When Boys of Summer Linger Til Autumn, Allen Salkin, New York Times, 2007
Why have I read this article about commitment-shy 40-something i-bankers in the Hamptons so many, many, many times? It was possibly my first exposure to the concept of the “hate read,” but it also is symbolic in a change in NYC “lifestyle of the rich and tasteless”-type coverage. While the early 2000s coverage was often mocking and brutal, it was simultaneously worshipful; by the late ‘00s, the tone of these kind of pieces had shifted, and become more sad. Instead of suggesting that anyone in the Hamptons is doing better than you (as this article probably would have if it was written in, say, 2002), it is a quietly tragic document of a party that is almost over.

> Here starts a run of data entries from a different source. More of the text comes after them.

lemma compatible2: "compatible 2 f2 g2 0 \<omega>"
  unfolding omega_star_def
proof (rule compatible_prefix_then_cycle[where \<pi> = id and \<gamma> = loop2])
  fix t assume "t < length (omega_star_prefix k)"
  then have t: "t < cycle_start"
    by (simp add: length_omega_star_prefix)
  show "f2 (id t) = pl 2 (omega_star_prefix k ! t)"
    by (simp add: nth_omega_star_prefix[OF t] pl_def f2_def)
  show "g2 (id t) (pl (3 - 2) (omega_star_prefix k ! t)) =
      (if Suc t = length (omega_star_prefix k) then loop2 0 else id (Suc t))"
    using k1 by (simp add: nth_omega_star_prefix[OF t] pl_def g2_def f2_def prefix_pair_diag
        length_omega_star_prefix loop2_def)
next
  fix j assume "j < length (omega0 k1 k2 k3)"
  then have j: "j < period"
    by (simp add: length_omega0)
  then show "f2 (loop2 j) = pl 2 (omega0 k1 k2 k3 ! j)"
    and "g2 (loop2 j) (pl (3 - 2) (omega0 k1 k2 k3 ! j)) = loop2 (Suc j mod length (omega0 k1 k2 k3))"
    using loop2_step[OF j] by (simp_all add: nth_omega0 pl_def length_omega0)
qed (simp_all add: omega_star_prefix_def omega0_def k1)

theorem omega_star_complexities:
  "complexity 1 \<omega> = k^3 + 2*k^2 + 1 \<and> complexity 2 \<omega> = k^3 + 2*k^2 + k + 1"
proof
  show "complexity 1 \<omega> = k^3 + 2*k^2 + 1"
  proof (rule complexity_eqI[OF automaton1 _ compatible1])
    show "card {..tail_start} = k^3 + 2*k^2 + 1"
      by (simp add: power2_eq_square)
    show "distinguishable 1 \<omega> s t" if "s < t" "t < k^3 + 2*k^2 + 1" for s t
      using that by (intro prefix_distinguishable) (simp_all add: power2_eq_square)
  qed
  show "complexity 2 \<omega> = k^3 + 2*k^2 + k + 1"
  proof (rule complexity_eqI[OF automaton2 _ compatible2])
    show "card {..<cycle_start} = k^3 + 2*k^2 + k + 1"
      by (simp add: power2_eq_square)
    show "distinguishable 2 \<omega> s t" if "s < t" "t < k^3 + 2*k^2 + k + 1" for s t
    proof (cases "t \<le> tail_start")
      case True
      then show ?thesis
        using that(1) by (intro prefix_distinguishable) simp_all
    next
      case False
      then show ?thesis
        using that by (intro final_block_distinguishable) (simp_all add: power2_eq_square)
    qed
  qed
qed

end

lemma greatest_pronic_le: "(GREATEST m::nat. m^2 + m \<le> k)^2 + (GREATEST m::nat. m^2 + m \<le> k) \<le> k"
  by (rule GreatestI_nat[of "\<lambda>m. m^2 + m \<le> k" 0 k]) auto

theorem lemma1:
  fixes k k1 k2 k3 :: nat
  assumes "k1 > 0" and "k2 > 0" and "k3 > 0"
    and "k1 + k2 + k3 = (GREATEST m::nat. m^2 + m \<le> k)"
  shows "complexity 1 (omega_star k k1 k2 k3) = k^3 + 2*k^2 + 1
       \<and> complexity 2 (omega_star k k1 k2 k3) = k^3 + 2*k^2 + k + 1"
proof -
  let ?m = "k1 + k2 + k3"
  have "?m^2 + ?m \<le> k"
    using greatest_pronic_le[of k] by (simp only: assms(4))
  moreover have "?m \<le> ?m^2"
    by (simp add: power2_eq_square)
  ultimately have "?m < k"
    using assms(1) by linarith
  then interpret omega_star_params k k1 k2 k3
    using assms(1-3) by unfold_locales
  show ?thesis
    by (rule omega_star_complexities)
qed

end
definition tvs :: "'a::{real_vector,topological_space} itself \<Rightarrow> bool" where
  "tvs _ \<longleftrightarrow>
     continuous_on UNIV (\<lambda>p::'a \<times> 'a. fst p + snd p) \<and>
     continuous_on UNIV (\<lambda>p::real \<times> 'a. fst p *\<^sub>R snd p)"

definition is_simplex :: "'a::real_vector set \<Rightarrow> bool" where
  "is_simplex K \<longleftrightarrow> (\<exists>S. finite S \<and> \<not> affine_dependent S \<and> K = convex hull S)"

definition corr_graph :: "('a \<Rightarrow> 'b set) \<Rightarrow> ('a \<times> 'b) set" where
  "corr_graph T = {(x, y). y \<in> T x}"

text \<open>\<open>closure_corr X Y T x\<close> is \<open>\<overline>T(x)\<close>: the closure of the corr_graph is taken in
\<open>X \<times> Y\<close> with its subspace (product) topology.\<close>
definition closure_corr :: "'a::topological_space set \<Rightarrow> 'b::topological_space set
    \<Rightarrow> ('a \<Rightarrow> 'b set) \<Rightarrow> 'a \<Rightarrow> 'b set" where
  "closure_corr X Y T x = {y \<in> Y. (x, y) \<in> X \<times> Y \<and> (x, y) \<in> closure (corr_graph T \<inter> (X \<times> Y))}"

definition corr_V :: "'b::real_vector set \<Rightarrow> ('a \<Rightarrow> 'b set) \<Rightarrow> 'b set \<Rightarrow> 'a \<Rightarrow> 'b set" where
  "corr_V Y T V x = {y + v | y v. y \<in> T x \<and> v \<in> V} \<inter> Y"

definition std_simplex :: "nat \<Rightarrow> (nat \<Rightarrow> real) set" where
  "std_simplex n = {l. (\<forall>i<n. 0 \<le> l i) \<and> (\<forall>i\<ge>n. l i = 0) \<and> (\<Sum>i<n. l i) = 1}"

definition wnq :: "'a::real_vector set \<Rightarrow> 'b::real_vector set \<Rightarrow> ('a \<Rightarrow> 'b set) \<Rightarrow> bool" where
  "wnq X Y T \<longleftrightarrow>
     (\<forall>n::nat. \<forall>x::nat \<Rightarrow> 'a. n \<ge> 1 \<and> inj_on x {..<n} \<and> (\<forall>i<n. x i \<in> X) \<longrightarrow>
        (\<exists>(y::nat \<Rightarrow> 'b) (g::nat \<Rightarrow> real \<Rightarrow> real).
           (\<forall>i<n. y i \<in> T (x i)) \<and>
           (\<forall>i<n. continuous_on {0..1} (g i) \<and> g i 0 = 0 \<and> g i 1 = 1 \<and> g i ` {0..1} \<subseteq> {0..1}) \<and>
           bij_betw (\<lambda>l. \<lambda>i. if i < n then g i (l i) else 0) (std_simplex n) (std_simplex n) \<and>
           (\<forall>l\<in>std_simplex n. (\<Sum>i<n. g i (l i) *\<^sub>R y i) \<in> T (\<Sum>i<n. l i *\<^sub>R x i))))"

definition star_wnq :: "'a::real_vector set \<Rightarrow> 'b::{real_vector,topological_space} set
    \<Rightarrow> ('a \<Rightarrow> 'b set) \<Rightarrow> bool" where
  "star_wnq X Y T \<longleftrightarrow>
     (\<forall>V. (\<exists>U. open U \<and> (0::'b) \<in> U \<and> U \<subseteq> V) \<longrightarrow> wnq X Y (corr_V Y T V))"

end

theory Submission
  imports Defs "HOL-Homology.Brouwer_Degree"
begin

text \<open>
  The proof has three ingredients.
  \<^item> Brouwer's fixed point theorem for the standard simplex \<open>\<Delta>\<^sub>n\<^sub>-\<^sub>1 \<subseteq> (nat \<Rightarrow> real)\<close>.
    Since the dimension varies, it is derived from the non-contractibility of the
    sphere \<open>nsphere p\<close> (HOL-Homology) for the coordinate unit ball, and transferred to
    the simplex, a retract of the ball.
  \<^item> A fixed point theorem for weakly naturally quasiconvex self-correspondences \<open>U\<close> of a
    simplex \<open>K\<close> with vertices \<open>x\<^sub>i\<close>: expressing the points \<open>y\<^sub>i \<in> U(x\<^sub>i)\<close> of the definition
    in barycentric coordinates turns \<open>l \<mapsto> \<Sum> g\<^sub>i(l\<^sub>i) y\<^sub>i\<close> into a continuous self-map of
    \<open>\<Delta>\<^sub>n\<^sub>-\<^sub>1\<close>, whose Brouwer fixed point gives \<open>z \<in> U z\<close>.
  \<^item> A compactness argument in the topological vector space: applied to \<open>U = T\<^sub>V\<close> this
    gives, for every neighbourhood \<open>V\<close> of the origin, a point \<open>z \<in> T z + V\<close>; as the
    simplex is compact, some \<open>(x, x)\<close> lies in the closure of the graph of \<open>T\<close>.
\<close>

definition coord_sqnorm :: "nat \<Rightarrow> (nat \<Rightarrow> real) \<Rightarrow> real" where
  "coord_sqnorm p w = (\<Sum>i\<le>p. (w i)\<^sup>2)"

The Short, Drunken Life of Club Row, Isaiah Wilner, NY Mag, 2007
This is the end, my only friend. As New York’s rep as peak party destination rose through the 2000s, it led to the development of the Meatpacking District, a nightclub-heavy area that I would describe as a combination pleasure district/ DMZ, where anyone in the tri-state area with money to burn but no creative idea of how to spend it could get a $500 “bottle service” vodka. By 2006, it had been the site of at least one murder, of 18-year-old Jennifer Moore, who got abducted and killed after going to one of the neighborhood’s plentiful clubs. The next year, a man named Orlando Valle died at a club called BED after falling down an elevator shaft. If you want the Altamont of 2000s trash culture, I think it’s right here.
Also I watched Kids as a 29 year old and let’s just say it was very disturbing and unsettling. Larry Clarke is such a creep and I could just feel it through the screen. It’s still an important film imo esp for teens in that time period but it just left me feeling bleak
I'm furious this doesn't let me like it more than once. I'd give it a thousand likes if I could. Thank you for your service. Truly.